*** Records shown

text \<open>\<open>comp_of E S u = {z. reach S u z}\<close>; note that \<open>reach S u u\<close> holds even if \<open>u \<notin> S\<close>.\<close>

abbreviation reach :: "'a set \<Rightarrow> 'a \<Rightarrow> 'a \<Rightarrow> bool" where
  "reach S \<equiv> (edge_within S)\<^sup>*\<^sup>*"

lemma reach_sym: "reach S a b \<Longrightarrow> reach S b a"
  using symp_rtranclp[of "edge_within S"] by (auto simp: symp_def dest: edge_sym)

lemma reach_mono: "reach S a b \<Longrightarrow> S \<subseteq> S' \<Longrightarrow> reach S' a b"
  by (erule rtranclp_mono[THEN predicate2D, rotated]) auto

lemma reach_in: "reach S a b \<Longrightarrow> a \<in> S \<Longrightarrow> b \<in> S"
  by (induction rule: rtranclp_induct) auto

lemma reach_V: "x \<in> V \<Longrightarrow> y \<in> V \<Longrightarrow> reach V x y"
proof -
  assume "x \<in> V" "y \<in> V"
  then have "E\<^sup>*\<^sup>* x y"
    using tree by (simp add: is_tree_def)
  then show "reach V x y"
    by (induction rule: rtranclp_induct) (auto dest: edge_in_V intro: rtranclp.rtrancl_into_rtrancl)
qed

lemma first_exit:
  assumes "reach S a x" "a \<in> F"
  shows "x \<in> F \<or> (\<exists>f\<in>F. \<exists>u\<in>S - F. E f u \<and> reach (S - F) u x)"
  using assms(1)
proof (induction rule: rtranclp_induct)
  case (step y z)
  show ?case
  proof (cases "z \<in> F \<or> y \<in> F")
    case False
    with step.IH obtain f u where fu: "f \<in> F" "u \<in> S - F" "E f u" "reach (S - F) u y"
      by blast
    have "edge_within (S - F) y z"
      using False step.hyps(2) by blast
    with fu(4) have "reach (S - F) u z"
      by (rule rtranclp.rtrancl_into_rtrancl)
    with fu(1-3) show ?thesis
      by blast
  next
    case True
    then show ?thesis
      using step.hyps(2) by blast
  qed
qed (use assms(2) in simp)

definition connected :: "'a set \<Rightarrow> bool" where
  "connected S \<longleftrightarrow> (\<forall>a\<in>S. \<forall>b\<in>S. reach S a b)"

lemma connected_insert:
  assumes "connected F" "w \<in> F" "E w u"
  shows "connected (insert u F)"
proof -
  have to_w: "reach (insert u F) a w" if "a \<in> insert u F" for a
  proof (cases "a = u")
    case True
    then show ?thesis
      using assms(2,3) edge_sym by (auto intro: r_into_rtranclp)
  next
    case False
    then show ?thesis
      using that assms(1,2) reach_mono[of F a w "insert u F"] unfolding connected_def by blast
  qed
  show ?thesis
    unfolding connected_def using to_w reach_sym by (meson rtranclp_trans)
qed

definition branch :: "'a \<Rightarrow> 'a \<Rightarrow> 'a set" where
  "branch x u = comp_of E (V - {x}) u"

definition children :: "'a \<Rightarrow> 'a \<Rightarrow> 'a set" where
  "children p w = {c. E w c \<and> c \<noteq> p}"

lemma finite_children: "finite (children p w)"
  unfolding children_def by (rule finite_neighbours)

lemma mem_branch_iff: "z \<in> branch x u \<longleftrightarrow> reach (V - {x}) u z"
  by (simp add: branch_def comp_of_def)

lemma root_in_branch: "u \<in> branch x u"
  by (simp add: mem_branch_iff)

lemma branch_subset:
  assumes "E x u"
  shows "branch x u \<subseteq> V - {x}"
proof
  fix z
  assume "z \<in> branch x u"
  moreover have "u \<in> V - {x}"
    using assms edge_in_V edge_irrefl by blast
  ultimately show "z \<in> V - {x}"
    unfolding mem_branch_iff by (blast dest: reach_in)
qed

lemma finite_branch: "finite (branch x u)"
  unfolding branch_def by (rule finite_subset[OF comp_of_subset]) (simp add: finite_V)

lemma branch_trans: "t \<in> branch x u \<Longrightarrow> reach (V - {x}) t s \<Longrightarrow> s \<in> branch x u"
  unfolding mem_branch_iff by simp

lemma branch_step: "E x u \<Longrightarrow> z \<in> branch x u \<Longrightarrow> E z z' \<Longrightarrow> z' \<noteq> x \<Longrightarrow> z' \<in> branch x u"
  using branch_subset edge_in_V branch_trans[of z x u z'] by blast

lemma comp_of_subset_branch:
  assumes "x \<notin> S"
  shows "comp_of E S u \<subseteq> branch x u"
proof
  fix z
  assume "z \<in> comp_of E S u"
  then have "reach S u z"
    by (simp add: comp_of_def)
  then show "z \<in> branch x u"
  proof (induction rule: rtranclp_induct)
    case (step y z)
    then have "edge_within (V - {x}) y z"
      using assms edge_in_V by blast
    with step.IH show ?case
      by (rule branch_trans[OF _ r_into_rtranclp])
  qed (rule root_in_branch)
qed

******

## Prompt:
What is the number of lines in the material above that include the string "using"? Give only that number.

## The answer:
11